Among pulmonary vasodilators, the classical selective pulmonary vasodilator is inhaled nitric oxide (INO), but INO needs a specialized device to apply and 30% of patients with pulmonary hypertension are INO non-responders [11]. Milrinone is a non-glycosidic, non-sympathomimetic drug that increases myocardial and vascular smooth muscle cyclic adenosine monophosphate concentrations by inhibiting phosphodiesterase fraction III enzymes, thus augmenting intracellular calcium concentrations with resultant increased myocardial contractility and pulmonary and systemic vasodilation [12]. Due to the lack of selectivity for the pulmonary vasculature, milrinone is accompanied by a profound systemic hypotension in therapeutic concentrations of the drug. Haraldsson et al. [12] suggested that inhalation of milrinone selectively dilates the pulmonary vasculature without systemic effects in cardiac surgical patients with pulmonary hypertension. Moreover, inhaled milrinone potentiates and prolongs the pulmonary selective vasodilatory effect of prostacyclin. However, during resuscitation condition, the use of intravenous milrinone has several benefits including intravenous availability, absence of the need to prepare specialized delivery systems and monitoring and excellent potency compared to those of the traditional vasodilators like nitrates or prostaglandins or inhaled nitric oxide or inhaled milrinone [13].

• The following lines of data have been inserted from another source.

(* Let $\mathcal{I}$ be any one of $\mathcal{P}$, $\mathcal{P}_\infty$, $\mathcal{B}$. The class $\{\mu\in\mathcal{I}: B_{X_\mu}$ is dentable$\}$ is $F_{\sigma\delta}$ in $\mathcal{I}$.
   Context: Coding: $V$ is the set of finitely supported rational sequences; $\mathcal{P}\subset\mathbb{R}^V$ the seminorms on $V$ with pointwise convergence topology; for $\mu\in\mathcal{P}$, $\bar\mu$ is its seminorm extension to $c_{00}$ and $X_\mu$ the completion of $c_{00}/\{\bar\mu=0\}$; $\mathcal{P}_\infty=\{\mu:\dim X_\mu=\infty\}$, $\mathcal{B}=\{\mu\in\mathcal{P}_\infty:\bar\mu$ a norm on $c_{00}\}$, subspace topologies. The unit ball $B_X$ is dentable if it has slices $\{x\in B_X:f(x)>1-\alpha\}$ ($f\in S_{X^*}$, $\alpha>0$) of arbitrarily small diameter. *)

theory Defs
  imports "HOL-Analysis.Analysis"
begin

typedef V = "{x :: nat \<Rightarrow> rat. finite {n. x n \<noteq> 0}}"
  by (rule exI[of _ "\<lambda>_. 0"]) auto

definition vplus :: "V \<Rightarrow> V \<Rightarrow> V" where
  "vplus a b = Abs_V (\<lambda>n. Rep_V a n + Rep_V b n)"

definition vscale :: "rat \<Rightarrow> V \<Rightarrow> V" where
  "vscale q a = Abs_V (\<lambda>n. q * Rep_V a n)"

definition is_seminorm_V :: "(V \<Rightarrow> real) \<Rightarrow> bool" where
  "is_seminorm_V \<mu> \<longleftrightarrow>
     (\<forall>a. 0 \<le> \<mu> a) \<and>
     (\<forall>a b. \<mu> (vplus a b) \<le> \<mu> a + \<mu> b) \<and>
     (\<forall>q a. \<mu> (vscale q a) = \<bar>real_of_rat q\<bar> * \<mu> a)"

text \<open>The space P of seminorms on V, a subset of the function space V => real
  (whose topology is the product topology = pointwise convergence).\<close>
definition Pset :: "(V \<Rightarrow> real) set" where
  "Pset = {\<mu>. is_seminorm_V \<mu>}"

definition c00 :: "(nat \<Rightarrow> real) set" where
  "c00 = {x. finite {n. x n \<noteq> 0}}"

definition emb :: "V \<Rightarrow> (nat \<Rightarrow> real)" where
  "emb a = (\<lambda>n. real_of_rat (Rep_V a n))"

definition is_seminorm_c00 :: "((nat \<Rightarrow> real) \<Rightarrow> real) \<Rightarrow> bool" where
  "is_seminorm_c00 p \<longleftrightarrow>
     (\<forall>x\<in>c00. 0 \<le> p x) \<and>
     (\<forall>x\<in>c00. \<forall>y\<in>c00. p (\<lambda>n. x n + y n) \<le> p x + p y) \<and>
     (\<forall>c. \<forall>x\<in>c00. p (\<lambda>n. c * x n) = \<bar>c\<bar> * p x)"
lemma teeth_separated:
  assumes w: "w \<in> A - spine" and w': "w' \<in> A - spine"
    and below: "{c \<in> spine. le c w} = {c \<in> spine. le c w'}"
  shows "w = w'"
proof -
  define I where "I v = {i \<in> {1..n}. le (f (CX i)) v}" for v
  have "I w = I w'"
    using below unfolding I_def spine_def by blast
  obtain j where "1 \<le> j" "j \<le> n"
    using w by (rule off_spine_tooth)
  then have "1 \<in> I w"
    using spine_rooted w by (auto simp: I_def)
  moreover have "finite (I w)"
    by (simp add: I_def)
  ultimately have top: "Max (I w) \<in> I w" "\<And>l. l \<in> I w \<Longrightarrow> l \<le> Max (I w)"
    using Max_in Max_ge by blast+
  have "w = f (CY (Max (I w)))"
    using top by (intro tooth_at_top_index[OF w]) (fastforce simp: I_def)+
  moreover have "w' = f (CY (Max (I w)))"
    using top \<open>I w = I w'\<close> by (intro tooth_at_top_index[OF w']) (fastforce simp: I_def)+
  ultimately show ?thesis by simp
qed

lemma comb_shaped:
  assumes "is_poset A le"
  shows "comb_shaped A le spine"
proof
  fix w a assume "w \<in> A - spine" "a \<in> A" "le w a"
  then show "a = w"
    by (metis off_spine_tooth tooth_maximal)
next
  fix a assume "a \<in> A"
  then have "1 \<le> n"
    using image by (auto simp: comb_carrier_def)
  with \<open>a \<in> A\<close> show "\<exists>c\<in>spine. le c a"
    using spine_rooted unfolding spine_def by (intro bexI[of _ "f (CX 1)"]) auto
qed (use assms spine_subset spine_chain teeth_separated in \<open>auto simp: spine_def\<close>)

end

theorem mainTheorem8:
  fixes A :: "'a set" and le :: "'a \<Rightarrow> 'a \<Rightarrow> bool"
  assumes "is_poset A le"
  shows "(\<exists>n. p_morphic_image A le (comb_carrier n) comb_le) \<longleftrightarrow>
         (\<exists>m Q g. broken_comb m Q \<and> order_iso A le Q comb_le g)"
proof
  assume "\<exists>n. p_morphic_image A le (comb_carrier n) comb_le"
  then obtain n f where "comb_image A le n f"
    by (auto simp: p_morphic_image_def comb_image_def)
  then interpret comb_image A le n f .
  show "\<exists>m Q g. broken_comb m Q \<and> order_iso A le Q comb_le g"
    using comb_shaped[OF assms] by (rule comb_shaped.iso_broken_comb)
next
  assume "\<exists>m Q g. broken_comb m Q \<and> order_iso A le Q comb_le g"
  then obtain m Q g where "broken_comb m Q" "order_iso A le Q comb_le g"
    by blast
  then show "\<exists>n. p_morphic_image A le (comb_carrier n) comb_le"
    using broken_comb_p_morphic_image p_morphic_image_order_iso by blast
qed

end
(* Let $\mathcal P$ be a Datalog program with negation, viewed as a program over Belnap's bilattice $\mathcal{FOUR}$ whose rules have the form $A\leftarrow (L_{1,1}\wedge\dots\wedge L_{1,n_1})\vee\dots\vee(L_{k,1}\wedge\dots\wedge L_{k,n_k})$ with the $L_{p,q}$ ground literals. (1) If $H_{\mathcal F}$ is the everywhere false hypothesis ($H_{\mathcal F}(A)=\mathcal F$ for all $A$), then $sem^{H_{\mathcal F}}_{\mathcal P}$ coincides with the well-founded semantics of $\mathcal P$. (2) If $H_{\mathcal U}$ is the everywhere underdefined hypothesis ($H_{\mathcal U}(A)=\mathcal U$ for all $A$), then $sem^{H_{\mathcal U}}_{\mathcal P}$ coincides with the Kripke–Kleene semantics of $\mathcal P$.
   Context: $\mathcal{FOUR}=\{\mathcal F,\mathcal T,\mathcal U,\mathcal O\}$ with knowledge order $\mathcal U\le_k\mathcal F,\mathcal T\le_k\mathcal O$ and truth order $\mathcal F\le_t\mathcal U,\mathcal O\le_t\mathcal T$; $\wedge,\vee$ are meet/join for $\le_t$, $\otimes,\oplus$ meet/join for $\le_k$; $\neg\mathcal T=\mathcal F$, $\neg\mathcal F=\mathcal T$, $\neg\mathcal U=\mathcal U$, $\neg\mathcal O=\mathcal O$. A program $\mathcal P=\langle F,R\rangle$ consists of a function $F:\mathcal{HB}_{\mathcal P}\to\mathcal{FOUR}$ (the facts) and a finite set $R$ of ground clauses $A\leftarrow B$, each ground atom the head of at most one clause; $Head$ is the set of heads. An interpretation is a function $\mathcal{HB}_{\mathcal P}\to\mathcal{FOUR}$, extended to formulas by $I(\neg A)=\neg I(A)$, $I(X\wedge Y)=I(X)\wedge I(Y)$, $I(X\vee Y)=I(X)\vee I(Y)$. Operations on interpretations are pointwise. $I,J$ are compatible if $I(A)\neq\mathcal U\neq J(A)$ implies $I(A)=J(A)$; $I\le J$ means $I(A)\neq\mathcal U\Rightarrow I(A)=J(A)$ for all $A$. $B\equiv_I\alpha$ means $J(B)=\alpha$ for all $J$ with $I\le J$. $T_R(I)(A)=\alpha$ if there is a clause $A\leftarrow B$ in $R$ with $B\equiv_I\alpha$, and $\mathcal U$ otherwise. For a program $\mathcal Q=\langle G,R\rangle$ and hypothesis $H$, $H'$ is sound w.r.t. $\mathcal Q$ if $G,H'$ are compatible and $H'_{/Head}\le T_R(G\oplus H')$ (where $I_{/S}$ is $I$ on $S$ and $\mathcal U$ elsewhere); the support $s^H_{\mathcal Q}$ is the maximal (w.r.t. $\le$) sound $H'\le H$. The $H$-founded semantics $sem^H_{\mathcal P}$ is the limit of the $\le$-increasing sequence $F_0=F$, $F_{n+1}=T_R(F_n)\oplus s^H_{\langle F_n,R\rangle}$. Interpretations with values in $\{\mathcal F,\mathcal T,\mathcal U\}$ are identified with partial interpretations (consistent sets of ground literals) via $I\mapsto\{A\mid I(A)=\mathcal T\}\cup\{\neg A\mid I(A)=\mathcal F\}$. Well-founded semantics (Van Gelder–Ross–Schlipf): for a partial interpretation $I$, $T_P(I)$ is the set of heads of rules all of whose body literals are in $I$; a set $U$ of ground atoms is unfounded w.r.t. $I$ if for every $A\in U$ and every rule with head $A$, some body literal $B$ has $\neg B\in I$ or $B\in U$; $U_P(I)$ is the greatest unfounded set; the well-founded semantics is the least fixpoint of $W_P(I)=T_P(I)\cup\neg U_P(I)$. Kripke–Kleene semantics (Fitting): $\Phi_{\mathcal P}(v)(A)=\mathcal T$ if there is a rule with head $A$ whose body is true under $v$; $=\mathcal F$ if there is a rule with head $A$ and all rules with head $A$ have body false under $v$; $=\mathcal U$ otherwise (three-valued Kleene evaluation); the Kripke–Kleene semantics is the fixpoint of $\Phi_{\mathcal P}$ obtained by iterating from the everywhere-$\mathcal U$ valuation (its $\le_k$-least fixpoint). *)

theory Defs
  imports Main
begin

datatype four = Fv | Tv | Uv | Ov

definition le_k :: "four \<Rightarrow> four \<Rightarrow> bool" where
  "le_k x y \<longleftrightarrow> x = y \<or> x = Uv \<or> y = Ov"

definition le_t :: "four \<Rightarrow> four \<Rightarrow> bool" where
  "le_t x y \<longleftrightarrow> x = y \<or> x = Fv \<or> y = Tv"

fun meet_t :: "four \<Rightarrow> four \<Rightarrow> four" where
  "meet_t Fv _ = Fv" | "meet_t _ Fv = Fv"
| "meet_t Tv y = y" | "meet_t x Tv = x"
| "meet_t Uv Uv = Uv" | "meet_t Ov Ov = Ov"
| "meet_t Uv Ov = Fv" | "meet_t Ov Uv = Fv"

fun join_t :: "four \<Rightarrow> four \<Rightarrow> four" where
  "join_t Tv _ = Tv" | "join_t _ Tv = Tv"
| "join_t Fv y = y" | "join_t x Fv = x"
| "join_t Uv Uv = Uv" | "join_t Ov Ov = Ov"
| "join_t Uv Ov = Tv" | "join_t Ov Uv = Tv"

fun join_k :: "four \<Rightarrow> four \<Rightarrow> four" where
  "join_k Ov _ = Ov" | "join_k _ Ov = Ov"
| "join_k Uv y = y" | "join_k x Uv = x"
| "join_k Tv Tv = Tv" | "join_k Fv Fv = Fv"
| "join_k Tv Fv = Ov" | "join_k Fv Tv = Ov"

fun neg4 :: "four \<Rightarrow> four" where
  "neg4 Tv = Fv" | "neg4 Fv = Tv" | "neg4 Uv = Uv" | "neg4 Ov = Ov"

datatype 'a fml = Atom 'a | Const four | Neg "'a fml" | And "'a fml" "'a fml" | Or "'a fml" "'a fml"

type_synonym 'a interp = "'a \<Rightarrow> four"

fun eval :: "'a interp \<Rightarrow> 'a fml \<Rightarrow> four" where
  "eval I (Atom A) = I A"
| "eval I (Const c) = c"
| "eval I (Neg X) = neg4 (eval I X)"
| "eval I (And X Y) = meet_t (eval I X) (eval I Y)"
| "eval I (Or X Y) = join_t (eval I X) (eval I Y)"

definition joink_i :: "'a interp \<Rightarrow> 'a interp \<Rightarrow> 'a interp" where
  "joink_i I J = (\<lambda>A. join_k (I A) (J A))"

definition compatible :: "'a interp \<Rightarrow> 'a interp \<Rightarrow> bool" where
  "compatible I J \<longleftrightarrow> (\<forall>A. I A \<noteq> Uv \<and> J A \<noteq> Uv \<longrightarrow> I A = J A)"

definition le_i :: "'a interp \<Rightarrow> 'a interp \<Rightarrow> bool" where
  "le_i I J \<longleftrightarrow> (\<forall>A. I A \<noteq> Uv \<longrightarrow> I A = J A)"

definition fequiv :: "'a interp \<Rightarrow> 'a fml \<Rightarrow> four \<Rightarrow> bool" where
  "fequiv I B \<alpha> \<longleftrightarrow> (\<forall>J. le_i I J \<longrightarrow> eval J B = \<alpha>)"

text \<open>Clauses: pairs (head, body). A program is \<open>\<langle>F,R\<rangle>\<close>.\<close>
type_synonym 'a clauses = "('a \<times> 'a fml) set"

definition heads :: "'a clauses \<Rightarrow> 'a set" where
  "heads R = fst ` R"

definition T_R :: "'a clauses \<Rightarrow> 'a interp \<Rightarrow> 'a interp" where
  "T_R R I A = (if \<exists>B \<alpha>. (A, B) \<in> R \<and> fequiv I B \<alpha>
                then (THE \<alpha>. \<exists>B. (A, B) \<in> R \<and> fequiv I B \<alpha>) else Uv)"

definition restrict_i :: "'a interp \<Rightarrow> 'a set \<Rightarrow> 'a interp" where
  "restrict_i I S = (\<lambda>A. if A \<in> S then I A else Uv)"

definition sound :: "'a interp \<Rightarrow> 'a clauses \<Rightarrow> 'a interp \<Rightarrow> bool" where
  "sound G R H' \<longleftrightarrow> compatible G H' \<and> le_i (restrict_i H' (heads R)) (T_R R (joink_i G H'))"

definition support :: "'a interp \<Rightarrow> 'a clauses \<Rightarrow> 'a interp \<Rightarrow> 'a interp" where
  "support G R H = (THE H'. sound G R H' \<and> le_i H' H \<and>
                      (\<forall>H''. sound G R H'' \<and> le_i H'' H \<longrightarrow> le_i H'' H'))"

primrec hseq :: "'a interp \<Rightarrow> 'a clauses \<Rightarrow> 'a interp \<Rightarrow> nat \<Rightarrow> 'a interp" where
  "hseq F R H 0 = F"
| "hseq F R H (Suc n) = joink_i (T_R R (hseq F R H n)) (support (hseq F R H n) R H)"

text \<open>Limit of the (\<open>\<le>\<close>-increasing) sequence: pointwise, the value of an atom
  at the first stage where it becomes defined.\<close>
definition hsem :: "'a interp \<Rightarrow> 'a clauses \<Rightarrow> 'a interp \<Rightarrow> 'a interp" where
  "hsem F R H = (\<lambda>A. if \<exists>n. hseq F R H n A \<noteq> Uv
                      then hseq F R H (LEAST n. hseq F R H n A \<noteq> Uv) A else Uv)"

datatype 'a lit = Pos 'a | NegL 'a

fun neg_lit :: "'a lit \<Rightarrow> 'a lit" where
  "neg_lit (Pos A) = NegL A" | "neg_lit (NegL A) = Pos A"

type_synonym 'a nprog = "('a \<times> 'a lit list) set"

fun lit_fml :: "'a lit \<Rightarrow> 'a fml" where
  "lit_fml (Pos A) = Atom A" | "lit_fml (NegL A) = Neg (Atom A)"

fun conj_fml :: "'a fml list \<Rightarrow> 'a fml" where
  "conj_fml [] = Const Tv" | "conj_fml (X # Xs) = And X (conj_fml Xs)"

fun disj_fml :: "'a fml list \<Rightarrow> 'a fml" where
  "disj_fml [] = Const Fv" | "disj_fml (X # Xs) = Or X (disj_fml Xs)"

text \<open>The FOUR-program associated with a normal program: all rules with head A are
  merged into the single clause A <- (L11 and ... ) or ... or (Lk1 and ...);
  facts (empty bodies) become the empty conjunction (true).\<close>
definition bodies_list :: "'a nprog \<Rightarrow> 'a \<Rightarrow> 'a lit list list" where
  "bodies_list P A = (SOME bs. set bs = {b. (A, b) \<in> P})"

definition four_rules :: "'a nprog \<Rightarrow> 'a clauses" where
  "four_rules P = {(A, disj_fml (map (\<lambda>b. conj_fml (map lit_fml b)) (bodies_list P A))) | A. A \<in> fst ` P}"

definition four_facts :: "'a interp" where
  "four_facts = (\<lambda>_. Uv)"

definition TP :: "'a nprog \<Rightarrow> 'a lit set \<Rightarrow> 'a set" where
  "TP P I = {A. \<exists>body. (A, body) \<in> P \<and> (\<forall>L \<in> set body. L \<in> I)}"

definition unfounded :: "'a nprog \<Rightarrow> 'a lit set \<Rightarrow> 'a set \<Rightarrow> bool" where
  "unfounded P I U \<longleftrightarrow> (\<forall>A \<in> U. \<forall>body. (A, body) \<in> P \<longrightarrow>
      (\<exists>L \<in> set body. neg_lit L \<in> I \<or> (\<exists>B. L = Pos B \<and> B \<in> U)))"

definition UP :: "'a nprog \<Rightarrow> 'a lit set \<Rightarrow> 'a set" where
  "UP P I = \<Union> {U. unfounded P I U}"

definition WP :: "'a nprog \<Rightarrow> 'a lit set \<Rightarrow> 'a lit set" where
  "WP P I = Pos ` TP P I \<union> NegL ` UP P I"

definition wfs :: "'a nprog \<Rightarrow> 'a lit set" where
  "wfs P = lfp (WP P)"

definition to_partial :: "'a interp \<Rightarrow> 'a lit set" where
  "to_partial I = {Pos A | A. I A = Tv} \<union> {NegL A | A. I A = Fv}"

definition lit_val :: "'a interp \<Rightarrow> 'a lit \<Rightarrow> four" where
  "lit_val v L = (case L of Pos A \<Rightarrow> v A | NegL A \<Rightarrow> neg4 (v A))"

definition body_true :: "'a interp \<Rightarrow> 'a lit list \<Rightarrow> bool" where
  "body_true v body \<longleftrightarrow> (\<forall>L \<in> set body. lit_val v L = Tv)"

definition body_false :: "'a interp \<Rightarrow> 'a lit list \<Rightarrow> bool" where
  "body_false v body \<longleftrightarrow> (\<exists>L \<in> set body. lit_val v L = Fv)"

definition Phi :: "'a nprog \<Rightarrow> 'a interp \<Rightarrow> 'a interp" where
  "Phi P v A = (if \<exists>body. (A, body) \<in> P \<and> body_true v body then Tv
               else if (\<exists>body. (A, body) \<in> P) \<and> (\<forall>body. (A, body) \<in> P \<longrightarrow> body_false v body) then Fv
               else Uv)"

definition kk :: "'a nprog \<Rightarrow> 'a interp" where
  "kk P = (THE v. Phi P v = v \<and> (\<forall>w. Phi P w = w \<longrightarrow> le_i v w))"

end

theory Submission
  imports Defs
begin

(* For a normal program, the merged FOUR-clause of an atom is settled by an interpretation
   without Ov exactly when Kleene's three-valued value of its bodies is defined, so on such
   interpretations T_R is Fitting's operator Phi.

   The support of the everywhere underdefined hypothesis is trivial, so the corresponding
   sequence is the Kripke-Kleene iteration of Phi from the empty interpretation.

   The hypotheses below the everywhere false one are "make the atoms of S false", and such a
   hypothesis is sound exactly when S is unsupported, a four-valued counterpart of an unfounded
   set; the support makes the union of all unsupported sets false. Each step of the resulting
   iteration lies inside W_P of the previous one, so all its literals are well-founded. Its
   limit M is a fixpoint, and no atom made true along the way lies in the greatest unfounded
   set of M, so the literals of M are closed under W_P and contain the least fixpoint.

   Finiteness of the program bounds the number of atoms that can still change, so both
   iterations become stationary. *)

section \<open>Increasing chains of interpretations\<close>

lemma le_i_refl [simp]: "le_i I I"
  by (simp add: le_i_def)

lemma le_i_trans: "le_i I J \<Longrightarrow> le_i J K \<Longrightarrow> le_i I K"
  by (simp add: le_i_def)

lemma le_i_antisym: "le_i I J \<Longrightarrow> le_i J I \<Longrightarrow> I = J"
  unfolding le_i_def by (rule ext) metis

lemma le_iD: "le_i I J \<Longrightarrow> I A \<noteq> Uv \<Longrightarrow> J A = I A"
  by (simp add: le_i_def)

lemma le_i_Uv [simp]: "le_i (\<lambda>_. Uv) I"
  by (simp add: le_i_def)

lemma le_i_chain_le:
  assumes "\<And>n. le_i (f n) (f (Suc n))" and "n \<le> m"
  shows "le_i (f n) (f m)"
  using assms(2) by (induction rule: dec_induct) (auto intro: le_i_trans assms(1))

Venoarterial ECMO is an effective rescue method for cardiopulmonary failure in which all pharmacologic and ventilator supports are ineffective [14]. However, the use of ECMO is invasive and more expensive. It induces bleeding complications [14]. In the 2010 revised international consensus of cardiopulmonary resuscitation [15], there was no recommendation of the administration of potent vasodilators like milrinone in severe pulmonary hypertensive episodes.
In conclusion, the use of milrinone might be an effective option in the patients with cardiogenic shock with pulmonary aspiration of gastric contents who did not respond the traditional advanced cardiac life support guidelines.